750g uncooked Macaroni

2 tablespoons Vegetable Oil

1 large Onion, chopped

2 cups Mushrooms, sliced

800g Beef Mince

4 tablespoons Tomato Paste

Salt and Ground Black Pepper, to taste

1 packet of Cream of Mushroom Soup

1/4 cup Vegetable Oil, for the sauce

3 cups Milk

3 cups grated Mozzarella Cheese

  1. Preheat oven to 180 degrees C. Grease a 20x30cm baking dish.
  2. Bring a large pot of lightly salted water to a boil. Add pasta, one tablespoon of oil and cook for 8-10 minutes or until al dente; drain.
  3. Heat one tablespoon of oil in a large frypan. Saute onion and mushrooms until golden and add beef mince. Cook over medium heat until evenly brown. Stir in tomato paste, salt and pepper; simmer over low heat until heated through.
  4. Heat 1/4 cup oil in a deep saucepan; stir in the mushroom soup then milk. Cook over medium-low heat until the sauce thickens.

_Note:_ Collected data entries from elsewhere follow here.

(* Under the control law the speed equation decouples into v_t = c4 v_x - k v with
   v_t(D,t) = -k v(D,t): v is carried leftwards from x = D along characteristics and damped
   by exp(-k t), so v and v_x decay at rate k.  The combination z = \<rho> + \<gamma> v solves
   z_t + vb z_x = -\<gamma> k v, a transport equation to the right with boundary value
   (\<gamma> - c5) v(0,t) and a source that already decays at rate k.  Every backward characteristic
   of speed vb reaches x = 0 or t = 0 within time D/vb, so z, and likewise its time difference
   quotients, decay at rate k as well; the PDEs then give the bounds for \<rho>_t and \<rho>_x.
   The argument gives the rate k, stronger than k/2. *)

lemma has_real_derivative_compose_partials:
  fixes f fx ft :: "real \<Rightarrow> real \<Rightarrow> real" and X T :: "real \<Rightarrow> real"
  assumes fx: "\<And>x t. x \<in> A \<Longrightarrow> t \<in> B \<Longrightarrow> ((\<lambda>y. f y t) has_real_derivative fx x t) (at x within A)"
    and ft: "\<And>x t. x \<in> A \<Longrightarrow> t \<in> B \<Longrightarrow> ((\<lambda>s. f x s) has_real_derivative ft x t) (at t within B)"
    and ft_cont: "continuous_on (A \<times> B) (\<lambda>(x, t). ft x t)" and "convex B"
    and X: "(X has_real_derivative X') (at \<sigma> within S)"
    and T: "(T has_real_derivative T') (at \<sigma> within S)"
    and path: "\<And>s. s \<in> S \<Longrightarrow> X s \<in> A \<and> T s \<in> B" and "\<sigma> \<in> S"
  shows "((\<lambda>s. f (X s) (T s)) has_real_derivative
           X' * fx (X \<sigma>) (T \<sigma>) + T' * ft (X \<sigma>) (T \<sigma>)) (at \<sigma> within S)"
proof -
  have Xt: "X \<sigma> \<in> A" "T \<sigma> \<in> B" using path[OF \<open>\<sigma> \<in> S\<close>] by auto
  define F' where "F' = (\<lambda>(dx, dt). dx * fx (X \<sigma>) (T \<sigma>) + blinfun_scaleR_left (ft (X \<sigma>) (T \<sigma>)) dt)"
  have "((\<lambda>(x, t). f x t) has_derivative F') (at (X \<sigma>, T \<sigma>) within A \<times> B)"
    unfolding F'_def
  proof (rule has_derivative_partialsI)
    show "((\<lambda>y. f y (T \<sigma>)) has_derivative (\<lambda>dx. dx * fx (X \<sigma>) (T \<sigma>))) (at (X \<sigma>) within A)"
      using fx[OF Xt] by (simp add: has_field_derivative_def mult.commute[of _ "fx (X \<sigma>) (T \<sigma>)"])
    show "((\<lambda>s. f y s) has_derivative blinfun_apply (blinfun_scaleR_left (ft y s))) (at s within B)"
      if "y \<in> A" "s \<in> B" for y s
      using ft[OF that] by (simp add: has_field_derivative_def mult.commute[of _ "ft y s"])
    have "continuous_on (A \<times> B) (\<lambda>(x, t). blinfun_scaleR_left (ft x t))"
      using ft_cont by (auto simp: split_beta intro!: continuous_intros)
    then show "continuous (at (X \<sigma>, T \<sigma>) within A \<times> B) (\<lambda>(x, t). blinfun_scaleR_left (ft x t))"
      using Xt continuous_on_eq_continuous_within by blast
  qed (use Xt \<open>convex B\<close> in auto)
  then have "((\<lambda>(x, t). f x t) has_derivative F') (at (X \<sigma>, T \<sigma>) within (\<lambda>s. (X s, T s)) ` S)"
    by (rule has_derivative_subset) (use path in auto)
  moreover have "((\<lambda>s. (X s, T s)) has_derivative (\<lambda>d. (X' * d, T' * d))) (at \<sigma> within S)"
    using X T by (auto simp: has_field_derivative_def intro: has_derivative_Pair)
  ultimately have "((\<lambda>(x, t). f x t) \<circ> (\<lambda>s. (X s, T s)) has_derivative F' \<circ> (\<lambda>d. (X' * d, T' * d)))
      (at \<sigma> within S)"
    by (intro diff_chain_within) auto
  moreover have "F' \<circ> (\<lambda>d. (X' * d, T' * d)) = (*) (X' * fx (X \<sigma>) (T \<sigma>) + T' * ft (X \<sigma>) (T \<sigma>))"
    by (auto simp: F'_def fun_eq_iff algebra_simps)
  ultimately show ?thesis by (simp add: has_field_derivative_def o_def)
qed
text \<open>Sensors are indexed by a finite type 's (so m = CARD('s)); points live in a
Euclidean space 'a (= R^n).
The function f : [0,\<infinity>)^k \<rightarrow> R is modelled on lists of length k.\<close>

definition f_nondecreasing :: "nat \<Rightarrow> (real list \<Rightarrow> real) \<Rightarrow> bool" where
  "f_nondecreasing k f \<longleftrightarrow>
     (\<forall>xs ys. length xs = k \<and> length ys = k \<and>
        (\<forall>i<k. 0 \<le> xs ! i \<and> xs ! i \<le> ys ! i) \<longrightarrow> f xs \<le> f ys)"

definition f_symmetric :: "nat \<Rightarrow> (real list \<Rightarrow> real) \<Rightarrow> bool" where
  "f_symmetric k f \<longleftrightarrow>
     (\<forall>xs ys. length xs = k \<and> length ys = k \<and> (\<forall>x\<in>set xs. 0 \<le> x) \<and>
        mset xs = mset ys \<longrightarrow> f xs = f ys)"

definition nearest_set :: "nat \<Rightarrow> ('s \<Rightarrow> 'a::metric_space) \<Rightarrow> 'a \<Rightarrow> 's set \<Rightarrow> bool" where
  "nearest_set k p q S \<longleftrightarrow>
     card S = k \<and> (\<forall>i\<in>S. \<forall>j. j \<notin> S \<longrightarrow> dist q (p i) \<le> dist q (p j))"

text \<open>Assignment sets W_i, given a fixed (deterministic) tie-breaking selection rule sel.\<close>
definition assign_sets :: "'a set \<Rightarrow> (('s \<Rightarrow> 'a) \<Rightarrow> 'a \<Rightarrow> 's set) \<Rightarrow> ('s \<Rightarrow> 'a) \<Rightarrow> 's \<Rightarrow> 'a set" where
  "assign_sets Q sel p i = {q\<in>Q. i \<in> sel p q}"
lemma second_order_identity:
  assumes lw: "lam k \<bullet> w k = 0" and lu: "lam k \<bullet> g' xbar u = 0" and "s k > 0"
  shows "(lam k \<bullet> y k) / ((t k)\<^sup>2 * s k) =
     (xs k \<bullet> (v k - u)) / (t k * s k) + \<nu> k \<bullet> ((1 / t k) *\<^sub>R (g' (x k) - g' xbar)) u
     - (1/2) * (\<nu> k \<bullet> g'' xbar (v k) (v k)) + (\<nu> k \<bullet> taylor_rem k) / (t k)\<^sup>2"
proof -
  define T where "T = t k"
  define G where "G = g' (x k) - g' xbar"
  have "T > 0" using t_pos by (simp add: T_def)
  have lam_eq: "lam k = s k *\<^sub>R \<nu> k" using \<open>s k > 0\<close> by (simp add: \<nu>_def)
  have h_eq: "x k - xbar = T *\<^sub>R v k" by (simp add: x_eq T_def)
  have "lam k \<bullet> y k = lam k \<bullet> (g (x k) - g xbar)"
    using d_eq[of k] lw by (simp add: d_def inner_diff_right algebra_simps)
  also have "\<dots> = lam k \<bullet> g' (x k) (x k - xbar) - (1/2) * (lam k \<bullet> g'' xbar (x k - xbar) (x k - xbar))
      + lam k \<bullet> taylor_rem k"
    by (simp add: taylor_rem_def inner_add_right inner_diff_right)
  also have "lam k \<bullet> g' (x k) (x k - xbar) = T * (xs k \<bullet> (v k - u)) + T * (lam k \<bullet> G u)"
  proof -
    have "lam k \<bullet> g' (x k) (x k - xbar) = T * (xs k \<bullet> v k)"
      using adjoint_clauses(2)[OF linear_blinfun_apply[of "g' (x k)"], of "lam k" "x k - xbar"]
      by (simp add: xs_eq h_eq inner_commute)
    moreover have "xs k \<bullet> u = lam k \<bullet> G u"
      using adjoint_clauses(2)[OF linear_blinfun_apply[of "g' (x k)"], of "lam k" u] lu
      by (simp add: xs_eq G_def blinfun.diff_left inner_diff_right)
    ultimately show ?thesis by (simp add: inner_diff_right algebra_simps)
  qed
  also have "lam k \<bullet> g'' xbar (x k - xbar) (x k - xbar) = T\<^sup>2 * (lam k \<bullet> g'' xbar (v k) (v k))"
    by (simp add: h_eq blinfun.scaleR_left blinfun.scaleR_right power2_eq_square)
  finally have "lam k \<bullet> y k = T * (xs k \<bullet> (v k - u)) + T * (s k * (\<nu> k \<bullet> G u))
      - (1/2) * (T\<^sup>2 * (s k * (\<nu> k \<bullet> g'' xbar (v k) (v k)))) + s k * (\<nu> k \<bullet> taylor_rem k)"
    by (simp add: lam_eq)
  moreover have "\<nu> k \<bullet> ((1 / t k) *\<^sub>R (g' (x k) - g' xbar)) u = (1 / T) * (\<nu> k \<bullet> G u)"
    by (simp add: T_def G_def blinfun.scaleR_left)
  ultimately show ?thesis
    using \<open>T > 0\<close> \<open>s k > 0\<close> unfolding T_def[symmetric] by (simp add: field_simps power2_eq_square)
qed
(* Let $n,k$ be positive integers with $k\ge 2$ and $n\ge k^3+1$, and let $\ell$ be an integer with $0\le \ell\le k-1$. Then $$\vartheta(G(n,k,\{\ell\}))\ge \frac{\binom{k}{k-\ell}}{(k-\ell)(\ell+1)}(n-k).$$
   Context: For positive integers $n>k$ and $L\subseteq\{0,1,\dots,k-1\}$, the generalized Johnson graph $G(n,k,L)$ has vertex set $\binom{[n]}{k}$ (the $k$-subsets of $[n]=\{1,\dots,n\}$), with $A,B$ adjacent if and only if $|A\cap B|\notin L$. $\vartheta(G)$ is the Lovász theta function: $\vartheta(G)=\max\langle J,B\rangle$ over real symmetric positive semidefinite $B$ indexed by $V(G)$ with $\operatorname{tr}B=1$ and $B_{ij}=0$ for every edge $ij$, $J$ the all-ones matrix. *)

theory Defs
  imports "HOL-Analysis.Analysis"
begin

text \<open>Real symmetric matrices indexed by a finite vertex set V are represented as
  functions B :: 'v => 'v => real (entries outside V are ignored).\<close>

definition psd_on :: "'v set \<Rightarrow> ('v \<Rightarrow> 'v \<Rightarrow> real) \<Rightarrow> bool" where
  "psd_on V B \<longleftrightarrow> (\<forall>i\<in>V. \<forall>j\<in>V. B i j = B j i) \<and>
     (\<forall>x :: 'v \<Rightarrow> real. (\<Sum>i\<in>V. \<Sum>j\<in>V. x i * B i j * x j) \<ge> 0)"

definition lovasz_theta :: "'v set \<Rightarrow> ('v \<Rightarrow> 'v \<Rightarrow> bool) \<Rightarrow> real" where
  "lovasz_theta V E = Sup {(\<Sum>i\<in>V. \<Sum>j\<in>V. B i j) | B.
      psd_on V B \<and> (\<Sum>i\<in>V. B i i) = 1 \<and> (\<forall>i\<in>V. \<forall>j\<in>V. E i j \<longrightarrow> B i j = 0)}"
lemma sum_mem_rat_cube:
  assumes "\<forall>a\<in>F. 0 \<le> u a" "sum u F = 1" "\<forall>a\<in>F. a \<in> rat_cube (p a)"
  shows "(\<Sum>a\<in>F. u a *s a) \<in> rat_cube (\<Sum>a\<in>F. u a *s p a)"
  unfolding rat_cube_def
proof (intro CollectI allI conjI)
  fix i
  show "(\<Sum>a\<in>F. u a *s p a) $ i \<le> (\<Sum>a\<in>F. u a *s a) $ i"
    using assms by (auto simp: rat_cube_def intro!: sum_mono mult_left_mono)
  have "(\<Sum>a\<in>F. u a *s a) $ i \<le> (\<Sum>a\<in>F. u a * (p a $ i + 1))"
    using assms by (auto simp: rat_cube_def intro!: sum_mono mult_left_mono)
  also have "\<dots> = (\<Sum>a\<in>F. u a *s p a) $ i + 1"
    using assms(2) by (simp add: algebra_simps sum.distrib)
  finally show "(\<Sum>a\<in>F. u a *s a) $ i \<le> (\<Sum>a\<in>F. u a *s p a) $ i + 1" .
qed

definition segment_point :: "int^'n \<Rightarrow> int^'n \<Rightarrow> rat \<Rightarrow> rat^'n" where
  "segment_point c d t = (1 - t) *s int_to_rat_vec c + t *s int_to_rat_vec d"

lemma segment_point_nth:
  "segment_point c d t $ i = of_int (c$i) + t * (of_int (d$i) - of_int (c$i))"
  by (simp add: segment_point_def int_to_rat_vec_def algebra_simps)

lemma segment_point_0: "segment_point c d 0 = int_to_rat_vec c"
  by (simp add: segment_point_def)

lemma segment_point_1: "segment_point c d 1 = int_to_rat_vec d"
  by (simp add: segment_point_def)

lemma sum_segment_point:
  assumes "sum u F = 1"
  shows "(\<Sum>a\<in>F. u a *s segment_point c d (t a)) = segment_point c d (\<Sum>a\<in>F. u a * t a)"
proof -
  have "(\<Sum>a\<in>F. u a * (p + t a * q)) = p + (\<Sum>a\<in>F. u a * t a) * q" for p q :: rat
    using assms by (simp add: algebra_simps sum.distrib sum_distrib_right flip: sum_distrib_left)
  then show ?thesis by (simp add: vec_eq_iff segment_point_nth)
qed

definition cube_sweep :: "int^'n \<Rightarrow> int^'n \<Rightarrow> (rat^'n) set" where
  "cube_sweep c d = (\<Union>t\<in>{0..1}. rat_cube (segment_point c d t))"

Pour half of the sauce over the cooked macaroni and stir in the mozzarella cheese.
  5. Spoon half of the macaroni into a prepared dish and top with the beef mince mixture. 
  6. Spoon the remaining macaroni over the beef mince and top with the remaining white sauce.
  7. Bake in preheated oven for 30 minutes or until golden brown.